Institute of Social Medicine, Occupational Health and Public Health (ISAP), University of Leipzig, Ph.-Rosenthal-Str. 55, 04103, Leipzig, Germany.

出版信息

Soc Psychiatry Psychiatr Epidemiol. 2018 Dec;53(12):1289-1301. doi: 10.1007/s00127-018-1598-7. Epub 2018 Sep 25.

DOI:10.1007/s00127-018-1598-7
PMID:30255384
Abstract

INTRODUCTION

With large numbers of people affected, no treatment in sight and continuing demographic change, the prevention of dementia is becoming a central public health issue.

METHODS

We conducted a systematic meta-review including systematic reviews and meta-analyses of longitudinal observational studies on modifiable risk and protective factors for dementia published over the last 5 years.

RESULTS

Compelling evidence on a number of modifiable risk factors, mostly lifestyle factors, is available from longitudinal observational studies to inform primary preventive efforts.

DISCUSSION

Evidence stemming from preventive RCTs is limited.
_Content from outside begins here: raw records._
lemma mat2_eq_iff:
  "(m :: 'a mat2) = n \<longleftrightarrow> m$1$1 = n$1$1 \<and> m$1$2 = n$1$2 \<and> m$2$1 = n$2$1 \<and> m$2$2 = n$2$2"
  by (simp add: vec_eq_iff forall_2)

lemma mk2_eq_iff [simp]: "mk2 a b c d = mk2 a' b' c' d' \<longleftrightarrow> a = a' \<and> b = b' \<and> c = c' \<and> d = d'"
  by (simp add: mat2_eq_iff)

lemma mat2_cases:
  obtains a b c d where "(m :: 'a mat2) = mk2 a b c d"
  by (metis mat2_eq_iff mk2_nth)

lemma mk2_mult [simp]:
  "mk2 a b c d ** mk2 e f g h = mk2 (a*e + b*g) (a*f + b*h) (c*e + d*g) (c*f + d*h)"
  by (simp add: mat2_eq_iff matrix_matrix_mult_def sum_2)

lemma mk2_add [simp]: "mk2 a b c d + mk2 e f g h = mk2 (a+e) (b+f) (c+g) (d+h)"
  by (simp add: mat2_eq_iff)

lemma mk2_diff [simp]: "mk2 a b c d - mk2 e f g h = mk2 (a-e) (b-f) (c-g) (d-h)"
  by (simp add: mat2_eq_iff)

lemma mk2_uminus [simp]: "- mk2 a b c d = mk2 (-a) (-b) (-c) (-d)"
  by (simp add: mat2_eq_iff)

lemma mk2_zero: "(0 :: 'a::zero mat2) = mk2 0 0 0 0"
  by (simp add: mat2_eq_iff)

lemma mat_mk2: "(mat k :: 'a::zero mat2) = mk2 k 0 0 k"
  by (simp add: mat2_eq_iff mat_def)

lemma det_mk2 [simp]: "det (mk2 a b c (d :: 'a::comm_ring_1)) = a*d - b*c"
  by (simp add: det_2)

lemma trace2_mk2 [simp]: "trace2 (mk2 a b c d) = a + d"
  by (simp add: trace2_def)

lemma sl2_mk2_iff: "mk2 a b c d \<in> sl2 \<longleftrightarrow> d = -a"
  by (auto simp: sl2_def add_eq_0_iff)

lemma matrix_diff_ldistrib:
  "(A :: 'a::ring_1 ^'n^'m) ** (B - C) = A ** B - A ** C"
  by (simp add: matrix_matrix_mult_def vec_eq_iff sum_subtractf algebra_simps)
lemma cubic_bound_of_rate_bound:
  fixes \<Delta> \<theta> l K1 K2 K3 x1 x2 x3 :: real
  assumes "0 \<le> \<Delta>" and "0 < l" and "l * \<Delta> \<le> \<theta>"
    and "0 \<le> K1" "0 \<le> K2" "0 \<le> K3" and "0 \<le> x1" "0 \<le> x2" "0 \<le> x3"
  shows "(K1 * x1 + (K2 * x2 + K3 * x3 * \<Delta>) * \<Delta>) * \<Delta>
    \<le> (K1 / l + K2 / l ^ 2 + K3 / l ^ 3) * (\<theta> ^ 3 + \<theta>) * (x1 + x2 + x3)"
proof -
  define P where "P = \<theta> ^ 3 + \<theta>"
  have "0 \<le> \<theta>" using assms(1-3) by (meson mult_nonneg_nonneg less_imp_le order_trans)
  then have "0 \<le> P" by (simp add: P_def)
  have "\<Delta> ^ j \<le> P / l ^ j" if "j \<in> {1, 2, 3}" for j
    unfolding P_def using power_le_of_rate_bound[OF assms(1-3) that] .
  from this[of 1] this[of 2] this[of 3] assms
  have "(K1 * x1) * \<Delta> ^ 1 + (K2 * x2) * \<Delta> ^ 2 + (K3 * x3) * \<Delta> ^ 3
      \<le> (K1 * x1) * (P / l ^ 1) + (K2 * x2) * (P / l ^ 2) + (K3 * x3) * (P / l ^ 3)"
    by (intro add_mono mult_left_mono) auto
  also have "\<dots> = (K1 / l * P) * x1 + (K2 / l ^ 2 * P) * x2 + (K3 / l ^ 3 * P) * x3"
    by (simp add: mult_ac)
  also have "\<dots> \<le> (K1 / l * P) * (x1 + x2 + x3) + (K2 / l ^ 2 * P) * (x1 + x2 + x3)
      + (K3 / l ^ 3 * P) * (x1 + x2 + x3)"
    using assms \<open>0 \<le> P\<close> by (intro add_mono mult_left_mono) auto
  finally show ?thesis
    by (simp add: P_def power2_eq_square power3_eq_cube algebra_simps)
qed

lemma scaled_power_le_powr:
  fixes c L r C \<epsilon> \<delta> :: real
  assumes "0 \<le> c" and "0 < \<epsilon>" and "0 \<le> r" and "r \<le> C * \<epsilon> powr \<delta>"
  shows "c * L * r ^ k \<le> \<bar>L\<bar> * C ^ k * (c * \<epsilon> powr (real k * \<delta>))"
proof -
  have "c * L * r ^ k \<le> c * \<bar>L\<bar> * r ^ k"
    using assms by (intro mult_right_mono mult_left_mono) auto
  also have "\<dots> \<le> c * \<bar>L\<bar> * (C * \<epsilon> powr \<delta>) ^ k"
    using assms by (intro mult_left_mono power_mono) auto
  also have "(C * \<epsilon> powr \<delta>) ^ k = C ^ k * \<epsilon> powr (real k * \<delta>)"
    using \<open>0 < \<epsilon>\<close> by (simp add: power_mult_distrib powr_power mult.commute)
  finally show ?thesis by (simp add: ac_simps)
qed

section \<open>The matrix exponential\<close>

text \<open>Square matrices with the operator norm form a Banach algebra in which \<open>mexp\<close> coincides
  with the library's \<open>exp\<close>; this gives access to its derivative.\<close>

typedef ('n::finite) sqmat = "UNIV :: (real^'n^'n) set" by simp

setup_lifting type_definition_sqmat

instantiation sqmat :: (finite) ring_1
begin
lift_definition zero_sqmat :: "'a sqmat" is "0" .
lift_definition one_sqmat :: "'a sqmat" is "mat 1" .
lift_definition plus_sqmat :: "'a sqmat \<Rightarrow> 'a sqmat \<Rightarrow> 'a sqmat" is "(+)" .
lift_definition minus_sqmat :: "'a sqmat \<Rightarrow> 'a sqmat \<Rightarrow> 'a sqmat" is "(-)" .
lift_definition uminus_sqmat :: "'a sqmat \<Rightarrow> 'a sqmat" is "uminus" .
lift_definition times_sqmat :: "'a sqmat \<Rightarrow> 'a sqmat \<Rightarrow> 'a sqmat" is "(**)" .
instance
proof
  fix a b c :: "'a sqmat"
  show "a * b * c = a * (b * c)" by transfer (simp add: matrix_mul_assoc)
  show "1 * a = a" by transfer simp
  show "a * 1 = a" by transfer simp
  show "(a + b) * c = a * c + b * c" by transfer (rule matrix_mul_add_rdistrib)
  show "a * (b + c) = a * b + a * c" by transfer (rule matrix_add_ldistrib)
  show "a + b + c = a + (b + c)" by transfer simp
  show "a + b = b + a" by transfer simp
  show "0 + a = a" by transfer simp
  show "- a + a = 0" by transfer simp
  show "a - b = a + - b" by transfer simp
  show "(0::'a sqmat) \<noteq> 1"
    by transfer (metis opnorm_eq_0 opnorm_mat_1 zero_neq_one)
qed
end

instantiation sqmat :: (finite) real_algebra_1
begin
lift_definition scaleR_sqmat :: "real \<Rightarrow> 'a sqmat \<Rightarrow> 'a sqmat" is "scaleR" .
instance
proof
  fix x y :: "'a sqmat" and a b :: real
  show "a *\<^sub>R (x + y) = a *\<^sub>R x + a *\<^sub>R y" by transfer (simp add: scaleR_right_distrib)
  show "(a + b) *\<^sub>R x = a *\<^sub>R x + b *\<^sub>R x" by transfer (simp add: scaleR_left_distrib)
  show "a *\<^sub>R b *\<^sub>R x = (a * b) *\<^sub>R x" by transfer simp
  show "1 *\<^sub>R x = x" by transfer simp
  show "a *\<^sub>R x * y = a *\<^sub>R (x * y)" by transfer (rule scaleR_matrix_mul_left)
  show "x * a *\<^sub>R y = a *\<^sub>R (x * y)" by transfer (rule scaleR_matrix_mul_right)
qed
end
However, multi-domain interventions addressing a variety of risk factors at once seem promising with regard to high-risk individuals (selective preventive approach). However, we argue that it is time to move forward and discuss a public brain health agenda as a universal preventive approach. Based on a risk reduction strategy, the public brain health agenda suggests the following ten key actions: (1) increase physical activity, (2) foster social integration, (3) improve education and foster lifelong learning, (4) provide mentally stimulating workplaces, (5) foster a cognitively active lifestyle, (6) propose a healthy Mediterranean-like diet, (7) reduce alcohol consumption, (8) stop smoking, (9) prevent, diagnose and treat chronic conditions, and (10) reduce anticholinergic medication in the elderly.

摘要

简介

受影响人数众多,尚无治疗方法,且人口结构持续变化,因此预防痴呆症正成为公共卫生的核心问题。

方法

我们进行了一项系统的元综述,纳入了过去 5 年中关于可改变的痴呆症风险和保护因素的纵向观察性研究的系统评价和荟萃分析。

结果

来自纵向观察性研究的大量证据表明,一些可改变的风险因素,主要是生活方式因素,可为初级预防工作提供信息。

讨论

来自预防性随机对照试验的证据有限。然而,针对多种风险因素的多领域干预措施对于高风险个体(选择性预防方法)似乎很有希望。然而,我们认为现在是时候向前推进,讨论作为一种普遍预防方法的公共大脑健康议程了。基于风险降低策略,公共大脑健康议程提出了以下 10 项关键行动:(1)增加身体活动,(2)促进社会融合,(3)改善教育并促进终身学习,(4)提供有智力刺激的工作场所,(5)培养认知活跃的生活方式,(6)提倡健康的地中海式饮食,(7)减少酒精摄入,(8)戒烟,(9)预防、诊断和治疗慢性疾病,以及(10)减少老年人的抗胆碱能药物。